WHAT YOU WILL DO. The expected output is every entry below, exact in every character.

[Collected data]

------------------------------------------------------------

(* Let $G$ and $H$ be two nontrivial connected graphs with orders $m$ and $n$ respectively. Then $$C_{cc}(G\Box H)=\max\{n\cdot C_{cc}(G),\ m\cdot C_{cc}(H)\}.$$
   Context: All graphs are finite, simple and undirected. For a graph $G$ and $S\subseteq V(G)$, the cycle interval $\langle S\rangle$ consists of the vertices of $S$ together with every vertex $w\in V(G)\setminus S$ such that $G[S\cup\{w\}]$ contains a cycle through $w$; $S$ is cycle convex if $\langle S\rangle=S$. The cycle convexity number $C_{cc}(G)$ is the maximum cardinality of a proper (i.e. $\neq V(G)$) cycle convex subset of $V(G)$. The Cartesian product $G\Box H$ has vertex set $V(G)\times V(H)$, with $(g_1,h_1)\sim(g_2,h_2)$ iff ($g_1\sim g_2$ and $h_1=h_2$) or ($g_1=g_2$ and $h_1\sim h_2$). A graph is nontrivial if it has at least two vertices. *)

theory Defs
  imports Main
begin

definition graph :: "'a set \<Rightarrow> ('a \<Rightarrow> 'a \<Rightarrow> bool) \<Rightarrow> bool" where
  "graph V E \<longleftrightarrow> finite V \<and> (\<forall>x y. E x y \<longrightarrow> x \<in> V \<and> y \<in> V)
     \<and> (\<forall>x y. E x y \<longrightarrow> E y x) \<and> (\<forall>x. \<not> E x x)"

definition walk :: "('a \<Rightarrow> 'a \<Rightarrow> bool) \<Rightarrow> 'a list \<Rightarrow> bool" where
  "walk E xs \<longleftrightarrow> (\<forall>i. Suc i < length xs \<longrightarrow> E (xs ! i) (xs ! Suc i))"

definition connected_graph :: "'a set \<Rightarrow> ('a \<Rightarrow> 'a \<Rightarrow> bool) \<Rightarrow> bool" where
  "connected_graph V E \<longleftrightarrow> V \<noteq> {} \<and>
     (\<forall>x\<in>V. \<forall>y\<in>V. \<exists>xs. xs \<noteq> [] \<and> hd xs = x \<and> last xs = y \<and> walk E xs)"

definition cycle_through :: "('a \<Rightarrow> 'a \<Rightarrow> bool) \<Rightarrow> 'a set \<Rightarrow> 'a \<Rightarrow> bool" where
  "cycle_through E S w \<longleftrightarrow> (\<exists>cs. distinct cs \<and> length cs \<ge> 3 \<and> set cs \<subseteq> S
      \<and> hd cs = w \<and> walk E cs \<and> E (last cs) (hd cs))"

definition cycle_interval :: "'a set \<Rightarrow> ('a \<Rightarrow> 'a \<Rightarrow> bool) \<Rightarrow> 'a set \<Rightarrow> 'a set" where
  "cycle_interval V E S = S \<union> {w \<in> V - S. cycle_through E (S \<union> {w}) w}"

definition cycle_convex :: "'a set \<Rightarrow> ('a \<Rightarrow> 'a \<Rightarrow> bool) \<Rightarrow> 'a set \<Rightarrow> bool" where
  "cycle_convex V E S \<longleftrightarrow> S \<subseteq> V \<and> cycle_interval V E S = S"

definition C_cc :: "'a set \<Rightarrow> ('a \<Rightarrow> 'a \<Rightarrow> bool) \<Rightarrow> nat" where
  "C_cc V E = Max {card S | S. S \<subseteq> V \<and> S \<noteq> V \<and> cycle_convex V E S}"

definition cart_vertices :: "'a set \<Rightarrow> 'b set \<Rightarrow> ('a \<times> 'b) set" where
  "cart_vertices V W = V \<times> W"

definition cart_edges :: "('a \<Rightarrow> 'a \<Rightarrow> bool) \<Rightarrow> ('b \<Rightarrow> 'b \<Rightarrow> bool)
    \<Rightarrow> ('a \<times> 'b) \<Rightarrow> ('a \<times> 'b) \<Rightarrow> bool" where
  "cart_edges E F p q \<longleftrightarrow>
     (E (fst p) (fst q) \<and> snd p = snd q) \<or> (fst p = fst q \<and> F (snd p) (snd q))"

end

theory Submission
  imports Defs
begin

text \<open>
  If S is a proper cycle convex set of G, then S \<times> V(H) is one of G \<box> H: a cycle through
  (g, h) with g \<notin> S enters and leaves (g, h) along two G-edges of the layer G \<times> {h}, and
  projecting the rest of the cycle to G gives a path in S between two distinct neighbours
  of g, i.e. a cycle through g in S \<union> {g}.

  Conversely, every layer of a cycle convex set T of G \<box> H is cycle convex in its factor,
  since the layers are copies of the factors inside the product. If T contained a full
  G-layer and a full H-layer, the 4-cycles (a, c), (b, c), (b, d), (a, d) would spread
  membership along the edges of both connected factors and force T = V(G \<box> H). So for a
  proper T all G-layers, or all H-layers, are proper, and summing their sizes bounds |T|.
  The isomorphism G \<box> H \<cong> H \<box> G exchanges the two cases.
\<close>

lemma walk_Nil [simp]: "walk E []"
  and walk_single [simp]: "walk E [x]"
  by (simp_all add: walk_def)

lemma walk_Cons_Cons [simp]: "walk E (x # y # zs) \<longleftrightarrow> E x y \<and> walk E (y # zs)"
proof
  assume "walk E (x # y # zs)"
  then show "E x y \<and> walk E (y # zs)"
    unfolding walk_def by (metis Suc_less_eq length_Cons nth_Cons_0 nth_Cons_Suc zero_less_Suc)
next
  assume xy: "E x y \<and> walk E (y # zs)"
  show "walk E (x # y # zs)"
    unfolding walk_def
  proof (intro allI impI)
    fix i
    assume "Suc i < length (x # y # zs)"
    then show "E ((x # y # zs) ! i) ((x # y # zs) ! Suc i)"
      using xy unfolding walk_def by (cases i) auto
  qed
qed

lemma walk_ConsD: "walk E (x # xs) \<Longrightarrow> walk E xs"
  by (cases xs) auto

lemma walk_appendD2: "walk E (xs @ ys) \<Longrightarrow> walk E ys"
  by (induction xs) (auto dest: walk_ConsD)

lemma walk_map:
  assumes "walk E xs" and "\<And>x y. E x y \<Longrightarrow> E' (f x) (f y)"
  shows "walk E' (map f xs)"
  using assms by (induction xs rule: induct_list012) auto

------------------------------------------------------------

EXERCISE ANSWER.
(* Let $G$ and $H$ be two nontrivial connected graphs with orders $m$ and $n$ respectively. Then $$C_{cc}(G\Box H)=\max\{n\cdot C_{cc}(G),\ m\cdot C_{cc}(H)\}.$$
   Context: All graphs are finite, simple and undirected. For a graph $G$ and $S\subseteq V(G)$, the cycle interval $\langle S\rangle$ consists of the vertices of $S$ together with every vertex $w\in V(G)\setminus S$ such that $G[S\cup\{w\}]$ contains a cycle through $w$; $S$ is cycle convex if $\langle S\rangle=S$. The cycle convexity number $C_{cc}(G)$ is the maximum cardinality of a proper (i.e. $\neq V(G)$) cycle convex subset of $V(G)$. The Cartesian product $G\Box H$ has vertex set $V(G)\times V(H)$, with $(g_1,h_1)\sim(g_2,h_2)$ iff ($g_1\sim g_2$ and $h_1=h_2$) or ($g_1=g_2$ and $h_1\sim h_2$). A graph is nontrivial if it has at least two vertices. *)

theory Defs
  imports Main
begin

definition graph :: "'a set \<Rightarrow> ('a \<Rightarrow> 'a \<Rightarrow> bool) \<Rightarrow> bool" where
  "graph V E \<longleftrightarrow> finite V \<and> (\<forall>x y. E x y \<longrightarrow> x \<in> V \<and> y \<in> V)
     \<and> (\<forall>x y. E x y \<longrightarrow> E y x) \<and> (\<forall>x. \<not> E x x)"

definition walk :: "('a \<Rightarrow> 'a \<Rightarrow> bool) \<Rightarrow> 'a list \<Rightarrow> bool" where
  "walk E xs \<longleftrightarrow> (\<forall>i. Suc i < length xs \<longrightarrow> E (xs ! i) (xs ! Suc i))"

definition connected_graph :: "'a set \<Rightarrow> ('a \<Rightarrow> 'a \<Rightarrow> bool) \<Rightarrow> bool" where
  "connected_graph V E \<longleftrightarrow> V \<noteq> {} \<and>
     (\<forall>x\<in>V. \<forall>y\<in>V. \<exists>xs. xs \<noteq> [] \<and> hd xs = x \<and> last xs = y \<and> walk E xs)"

definition cycle_through :: "('a \<Rightarrow> 'a \<Rightarrow> bool) \<Rightarrow> 'a set \<Rightarrow> 'a \<Rightarrow> bool" where
  "cycle_through E S w \<longleftrightarrow> (\<exists>cs. distinct cs \<and> length cs \<ge> 3 \<and> set cs \<subseteq> S
      \<and> hd cs = w \<and> walk E cs \<and> E (last cs) (hd cs))"

definition cycle_interval :: "'a set \<Rightarrow> ('a \<Rightarrow> 'a \<Rightarrow> bool) \<Rightarrow> 'a set \<Rightarrow> 'a set" where
  "cycle_interval V E S = S \<union> {w \<in> V - S. cycle_through E (S \<union> {w}) w}"

definition cycle_convex :: "'a set \<Rightarrow> ('a \<Rightarrow> 'a \<Rightarrow> bool) \<Rightarrow> 'a set \<Rightarrow> bool" where
  "cycle_convex V E S \<longleftrightarrow> S \<subseteq> V \<and> cycle_interval V E S = S"

definition C_cc :: "'a set \<Rightarrow> ('a \<Rightarrow> 'a \<Rightarrow> bool) \<Rightarrow> nat" where
  "C_cc V E = Max {card S | S. S \<subseteq> V \<and> S \<noteq> V \<and> cycle_convex V E S}"

definition cart_vertices :: "'a set \<Rightarrow> 'b set \<Rightarrow> ('a \<times> 'b) set" where
  "cart_vertices V W = V \<times> W"

definition cart_edges :: "('a \<Rightarrow> 'a \<Rightarrow> bool) \<Rightarrow> ('b \<Rightarrow> 'b \<Rightarrow> bool)
    \<Rightarrow> ('a \<times> 'b) \<Rightarrow> ('a \<times> 'b) \<Rightarrow> bool" where
  "cart_edges E F p q \<longleftrightarrow>
     (E (fst p) (fst q) \<and> snd p = snd q) \<or> (fst p = fst q \<and> F (snd p) (snd q))"

end

theory Submission
  imports Defs
begin

text \<open>
  If S is a proper cycle convex set of G, then S \<times> V(H) is one of G \<box> H: a cycle through
  (g, h) with g \<notin> S enters and leaves (g, h) along two G-edges of the layer G \<times> {h}, and
  projecting the rest of the cycle to G gives a path in S between two distinct neighbours
  of g, i.e. a cycle through g in S \<union> {g}.

  Conversely, every layer of a cycle convex set T of G \<box> H is cycle convex in its factor,
  since the layers are copies of the factors inside the product. If T contained a full
  G-layer and a full H-layer, the 4-cycles (a, c), (b, c), (b, d), (a, d) would spread
  membership along the edges of both connected factors and force T = V(G \<box> H). So for a
  proper T all G-layers, or all H-layers, are proper, and summing their sizes bounds |T|.
  The isomorphism G \<box> H \<cong> H \<box> G exchanges the two cases.
\<close>

lemma walk_Nil [simp]: "walk E []"
  and walk_single [simp]: "walk E [x]"
  by (simp_all add: walk_def)

lemma walk_Cons_Cons [simp]: "walk E (x # y # zs) \<longleftrightarrow> E x y \<and> walk E (y # zs)"
proof
  assume "walk E (x # y # zs)"
  then show "E x y \<and> walk E (y # zs)"
    unfolding walk_def by (metis Suc_less_eq length_Cons nth_Cons_0 nth_Cons_Suc zero_less_Suc)
next
  assume xy: "E x y \<and> walk E (y # zs)"
  show "walk E (x # y # zs)"
    unfolding walk_def
  proof (intro allI impI)
    fix i
    assume "Suc i < length (x # y # zs)"
    then show "E ((x # y # zs) ! i) ((x # y # zs) ! Suc i)"
      using xy unfolding walk_def by (cases i) auto
  qed
qed

lemma walk_ConsD: "walk E (x # xs) \<Longrightarrow> walk E xs"
  by (cases xs) auto

lemma walk_appendD2: "walk E (xs @ ys) \<Longrightarrow> walk E ys"
  by (induction xs) (auto dest: walk_ConsD)

lemma walk_map:
  assumes "walk E xs" and "\<And>x y. E x y \<Longrightarrow> E' (f x) (f y)"
  shows "walk E' (map f xs)"
  using assms by (induction xs rule: induct_list012) auto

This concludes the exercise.